**PROMPT**
Quote exactly, and only, the lines from the one with "exp \<epsilon> * pmf (map_pmf" through the end of the listing.

**DATA FOR ANALYSIS**

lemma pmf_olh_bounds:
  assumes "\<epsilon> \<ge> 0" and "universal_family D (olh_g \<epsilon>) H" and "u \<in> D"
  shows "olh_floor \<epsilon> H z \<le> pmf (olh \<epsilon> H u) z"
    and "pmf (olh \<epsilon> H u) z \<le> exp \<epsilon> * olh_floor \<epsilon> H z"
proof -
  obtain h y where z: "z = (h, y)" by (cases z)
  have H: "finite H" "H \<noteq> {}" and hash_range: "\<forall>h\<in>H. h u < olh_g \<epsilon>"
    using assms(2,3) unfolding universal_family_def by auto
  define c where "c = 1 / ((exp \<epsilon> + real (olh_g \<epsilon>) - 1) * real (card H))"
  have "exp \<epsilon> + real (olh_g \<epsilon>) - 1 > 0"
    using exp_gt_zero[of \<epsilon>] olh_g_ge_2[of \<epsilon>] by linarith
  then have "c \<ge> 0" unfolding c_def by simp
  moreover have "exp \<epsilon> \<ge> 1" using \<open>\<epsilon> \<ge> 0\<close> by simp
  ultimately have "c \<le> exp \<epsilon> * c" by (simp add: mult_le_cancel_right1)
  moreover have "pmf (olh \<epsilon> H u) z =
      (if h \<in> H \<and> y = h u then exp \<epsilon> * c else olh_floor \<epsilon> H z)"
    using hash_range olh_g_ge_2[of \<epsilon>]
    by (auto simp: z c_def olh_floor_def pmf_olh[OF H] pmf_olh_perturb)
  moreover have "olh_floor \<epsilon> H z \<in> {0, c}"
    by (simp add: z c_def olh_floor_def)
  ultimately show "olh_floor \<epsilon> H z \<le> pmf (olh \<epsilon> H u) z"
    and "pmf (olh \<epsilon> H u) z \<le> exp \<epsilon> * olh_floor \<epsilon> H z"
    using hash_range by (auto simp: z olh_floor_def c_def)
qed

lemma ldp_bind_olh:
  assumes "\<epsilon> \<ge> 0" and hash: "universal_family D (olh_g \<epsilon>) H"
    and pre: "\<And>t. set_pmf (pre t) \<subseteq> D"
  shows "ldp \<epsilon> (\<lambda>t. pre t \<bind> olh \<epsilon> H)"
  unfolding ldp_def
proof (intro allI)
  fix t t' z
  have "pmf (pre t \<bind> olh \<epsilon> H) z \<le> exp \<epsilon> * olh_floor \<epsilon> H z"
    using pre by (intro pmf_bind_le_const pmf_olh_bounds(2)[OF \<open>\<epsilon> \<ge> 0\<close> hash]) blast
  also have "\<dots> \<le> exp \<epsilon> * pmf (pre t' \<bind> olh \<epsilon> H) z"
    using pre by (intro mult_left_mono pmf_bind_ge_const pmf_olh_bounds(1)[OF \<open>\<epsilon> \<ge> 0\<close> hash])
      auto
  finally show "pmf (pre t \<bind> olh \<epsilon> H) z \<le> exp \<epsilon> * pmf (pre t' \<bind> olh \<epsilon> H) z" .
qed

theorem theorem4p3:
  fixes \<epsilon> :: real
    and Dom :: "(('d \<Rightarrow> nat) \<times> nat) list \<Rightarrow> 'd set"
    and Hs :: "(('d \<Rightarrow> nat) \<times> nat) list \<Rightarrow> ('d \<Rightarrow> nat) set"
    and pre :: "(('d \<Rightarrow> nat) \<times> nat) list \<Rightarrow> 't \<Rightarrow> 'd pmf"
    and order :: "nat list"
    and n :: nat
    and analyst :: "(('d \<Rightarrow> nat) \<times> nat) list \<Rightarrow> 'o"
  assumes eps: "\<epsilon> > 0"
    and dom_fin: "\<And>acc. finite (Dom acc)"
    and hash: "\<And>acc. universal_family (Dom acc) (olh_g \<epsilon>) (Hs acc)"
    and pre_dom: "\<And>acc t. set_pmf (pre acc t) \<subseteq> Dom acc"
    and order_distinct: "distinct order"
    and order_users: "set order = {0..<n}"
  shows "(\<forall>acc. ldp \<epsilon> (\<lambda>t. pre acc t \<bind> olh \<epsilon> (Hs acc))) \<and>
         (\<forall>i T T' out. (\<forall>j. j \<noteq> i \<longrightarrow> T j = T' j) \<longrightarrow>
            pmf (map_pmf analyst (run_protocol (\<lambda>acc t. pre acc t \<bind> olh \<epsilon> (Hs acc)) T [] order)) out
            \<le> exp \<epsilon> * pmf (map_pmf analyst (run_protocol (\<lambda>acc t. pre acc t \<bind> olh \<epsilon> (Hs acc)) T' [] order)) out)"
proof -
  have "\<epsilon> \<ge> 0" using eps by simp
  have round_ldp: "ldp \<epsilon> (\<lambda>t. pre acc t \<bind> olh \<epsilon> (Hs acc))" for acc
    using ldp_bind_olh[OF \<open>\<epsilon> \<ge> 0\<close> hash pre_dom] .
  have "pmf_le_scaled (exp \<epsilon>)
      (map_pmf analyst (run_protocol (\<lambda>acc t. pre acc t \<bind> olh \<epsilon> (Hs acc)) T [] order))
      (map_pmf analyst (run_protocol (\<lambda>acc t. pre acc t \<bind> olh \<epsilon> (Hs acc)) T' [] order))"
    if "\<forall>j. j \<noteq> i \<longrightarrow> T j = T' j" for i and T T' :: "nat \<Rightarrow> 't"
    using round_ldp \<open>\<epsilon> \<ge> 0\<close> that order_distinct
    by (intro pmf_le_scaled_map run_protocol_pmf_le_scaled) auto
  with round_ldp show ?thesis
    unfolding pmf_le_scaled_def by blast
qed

**SOLVED EXERCISE**
            \<le> exp \<epsilon> * pmf (map_pmf analyst (run_protocol (\<lambda>acc t. pre acc t \<bind> olh \<epsilon> (Hs acc)) T' [] order)) out)"
proof -
  have "\<epsilon> \<ge> 0" using eps by simp
  have round_ldp: "ldp \<epsilon> (\<lambda>t. pre acc t \<bind> olh \<epsilon> (Hs acc))" for acc
    using ldp_bind_olh[OF \<open>\<epsilon> \<ge> 0\<close> hash pre_dom] .
  have "pmf_le_scaled (exp \<epsilon>)
      (map_pmf analyst (run_protocol (\<lambda>acc t. pre acc t \<bind> olh \<epsilon> (Hs acc)) T [] order))
      (map_pmf analyst (run_protocol (\<lambda>acc t. pre acc t \<bind> olh \<epsilon> (Hs acc)) T' [] order))"
    if "\<forall>j. j \<noteq> i \<longrightarrow> T j = T' j" for i and T T' :: "nat \<Rightarrow> 't"
    using round_ldp \<open>\<epsilon> \<ge> 0\<close> that order_distinct
    by (intro pmf_le_scaled_map run_protocol_pmf_le_scaled) auto
  with round_ldp show ?thesis
    unfolding pmf_le_scaled_def by blast
qed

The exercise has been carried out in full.